Grade 4: The tumors have become extremely aggressive in this stage. They are actively spreading to the surrounding tissues. They can also turn benign tumors into malignant ones. Similarly, lower-grade cancer can recur after becoming high-grade cancer in this stage.
Early diagnosis includes an interview with the healthcare expert. This involves a physical exam and medical history. After the initial interview, your doctor will decide on the type and number of tests. These can be:
Imaging Tests: Imaging tests can be MRI, PET Scan, CT, or ECT scan. They determine the cause, location, and stage associated with the tumor’s progression.
Biopsy: In a biopsy, a tissue sample is removed from the infected area. It is then examined to determine the malignancy. Biopsies are in diverse ways. These can be a laparoscopic biopsy, needle biopsy as well as a surgical biopsy. Biopsies can be further categorized into two types:
Treatment facilities are based on cancer grade, type, size, location as well as age of the patient, and underlying conditions. Treatment plans usually include a multidisciplinary tactic involving several treatment types. These can be:
Treatment is determined by cancer’s type and grade, its location, size, and the patient’s age and condition. A multidisciplinary approach to treatment is when a treatment plan includes multiple types of treatment.

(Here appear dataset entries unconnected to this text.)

(* Fix $\rho_r\in(0,1)$, $\rho_w\in(0,1/2)$, $\epsilon>0$ with $\rho_r<1-h(\rho_w)-2\epsilon$. Fix a view $V\in\{0,1,?\}^n$ with $\rho_r n$ non-$?$ coordinates and $e\in\{0,1\}^n$ of Hamming weight at most $\rho_w n$. Let $S_r$ consist of $2^{\epsilon n/4}$ independent uniformly random elements of the set of strings consistent with $V$. Then with probability $1-\exp(-\Omega(n^2))$ over the choice of $S_r$, there are at most $O(n^4)\cdot2^{\epsilon n/8}$ elements $x\in S_r$ such that the Hamming ball of radius $\rho_w n$ around $x+e$ contains another element of $S_r$.
   Context: $h$ is the binary entropy function. A string $x$ is consistent with $V=(v_i)$ if $x_i=v_i$ whenever $v_i\ne ?$. *)

theory Defs
  imports "HOL-Probability.Probability"
begin

definition bin_entropy :: "real \<Rightarrow> real" where
  "bin_entropy p = - p * log 2 p - (1 - p) * log 2 (1 - p)"

definition hdist :: "bool list \<Rightarrow> bool list \<Rightarrow> nat" where
  "hdist x y = card {i. i < length x \<and> x ! i \<noteq> y ! i}"

definition hweight :: "bool list \<Rightarrow> nat" where
  "hweight x = card {i. i < length x \<and> x ! i}"

definition xor_str :: "bool list \<Rightarrow> bool list \<Rightarrow> bool list" where
  "xor_str x y = map2 (\<noteq>) x y"
(* Let $A,M\in\mathbb{C}^{n\times n}$ be Hermitian with $M$ positive definite, and let the eigenvalues of the pair $(A,M)$ be $\lambda_1<\lambda_2\le\cdots\le\lambda_n$. Put $A_{\lambda_1}=A-\lambda_1 M$. Let $T\in\mathbb{C}^{n\times n}$ be Hermitian positive definite. Let $x^{(0)}\in\mathbb{C}^n$ be neither an eigenvector of $(A,M)$ associated with $\lambda_1$ nor $M$-orthogonal to the eigenspace associated with $\lambda_1$, and let $x^{(0)},x^{(1)},\ldots$ be the iterates of the following heuristic preconditioned CG iteration (for as long as it is defined): set $r^{(0)}=-A_{\lambda_1}x^{(0)}$, $\gamma^{(0)}=(Tr^{(0)})^*r^{(0)}$, $p^{(0)}=Tr^{(0)}$, and for $i=0,1,\ldots$: $w=A_{\lambda_1}p^{(i)}$, $\delta=\gamma^{(i)}/(w^*p^{(i)})$, $x^{(i+1)}=x^{(i)}+\delta p^{(i)}$, $r^{(i+1)}=r^{(i)}-\delta w$, $\gamma^{(i+1)}=(Tr^{(i+1)})^*r^{(i+1)}$, $p^{(i+1)}=Tr^{(i+1)}+(\gamma^{(i+1)}/\gamma^{(i)})p^{(i)}$. Define $B=T^{1/2}A_{\lambda_1}T^{1/2}$ and let $V$ be an arbitrary matrix whose columns form an orthonormal basis of the image $\operatorname{im}(B)$. Then the vectors $\tilde{x}^{(i)}=V^*T^{-1/2}x^{(i)}$, $i=0,1,\ldots$, are the iterates of the standard (non-preconditioned) conjugate gradient method applied to the linear system $\tilde{B}\tilde{x}=0$ with $\tilde{B}=V^*BV$ and initial guess $\tilde{x}^{(0)}$.
   Context: $T^{1/2}$ denotes the Hermitian positive definite square root of $T$. The asterisk denotes the conjugate transpose. *)

theory Defs
  imports "Jordan_Normal_Form.Schur_Decomposition" "Jordan_Normal_Form.Char_Poly"
begin

text \<open>u^* v (conjugate transpose of u times v)\<close>
definition hinner :: "complex vec \<Rightarrow> complex vec \<Rightarrow> complex" where
  "hinner u v = v \<bullet>c u"

definition hermitian :: "complex mat \<Rightarrow> bool" where
  "hermitian A \<longleftrightarrow> square_mat A \<and> mat_adjoint A = A"

definition pos_def :: "complex mat \<Rightarrow> bool" where
  "pos_def A \<longleftrightarrow> hermitian A \<and>
     (\<forall>x \<in> carrier_vec (dim_row A). x \<noteq> 0\<^sub>v (dim_row A) \<longrightarrow> Re (hinner x (A *\<^sub>v x)) > 0)"

definition psqrt :: "complex mat \<Rightarrow> complex mat" where
  "psqrt T = (THE S. S \<in> carrier_mat (dim_row T) (dim_row T) \<and> pos_def S \<and> S * S = T)"

definition psqrt_inv :: "complex mat \<Rightarrow> complex mat" where
  "psqrt_inv T = (THE S. S \<in> carrier_mat (dim_row T) (dim_row T) \<and>
      S * psqrt T = 1\<^sub>m (dim_row T) \<and> psqrt T * S = 1\<^sub>m (dim_row T))"

text \<open>Characteristic polynomial det(lambda M - A) of the pencil (A,M); its roots, counted
  with multiplicity (order), are the eigenvalues of the pair (A,M).\<close>
definition pencil_char_poly :: "complex mat \<Rightarrow> complex mat \<Rightarrow> complex poly" where
  "pencil_char_poly A M = det (mat (dim_row A) (dim_col A) (\<lambda>(i,j). [: - A $$ (i,j), M $$ (i,j) :]))"

text \<open>Heuristic preconditioned CG with matrix Al = A - lambda_1 M and preconditioner T.
  State: (x, r, gamma, p).\<close>
fun pcg :: "complex mat \<Rightarrow> complex mat \<Rightarrow> complex vec \<Rightarrow> nat \<Rightarrow>
    complex vec \<times> complex vec \<times> complex \<times> complex vec" where
  "pcg Al T x0 0 =
     (let r = - (Al *\<^sub>v x0) in (x0, r, hinner (T *\<^sub>v r) r, T *\<^sub>v r))"
| "pcg Al T x0 (Suc i) =
     (let (x, r, g, p) = pcg Al T x0 i;
          w = Al *\<^sub>v p;
          \<delta> = g / hinner w p;
          x' = x + \<delta> \<cdot>\<^sub>v p;
          r' = r - \<delta> \<cdot>\<^sub>v w;
          g' = hinner (T *\<^sub>v r') r';
          p' = T *\<^sub>v r' + (g' / g) \<cdot>\<^sub>v p
      in (x', r', g', p'))"

definition pcg_x :: "complex mat \<Rightarrow> complex mat \<Rightarrow> complex vec \<Rightarrow> nat \<Rightarrow> complex vec" where
  "pcg_x Al T x0 i = fst (pcg Al T x0 i)"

Surgery: Surgery is the initial treatment stage. Surgery is often preferred for first-grade cancers since it is easy to remove them. Surgery can also minimize the size of the tumor or alleviate the symptoms.
Chemotherapy: This therapy is used for eliminating the cancer cells from the brain. Chemotherapy can be administered intravenously or orally. In rare cases, wafers are implanted within the brain.
Targeted Therapy: This therapy is used for specific types of brain cancers. Specific parts of the cancer cells are targeted by these medications. They aid in preventing the growth of tumors and their dissemination.
Immunotherapy: Some immunotherapies for treating lung cancer are known to be affected by melanoma brain cancers.
Radiation Therapy: Radiation therapy uses radiation for killing the tumor cells in the target area. Radiation can be an option if surgery is not.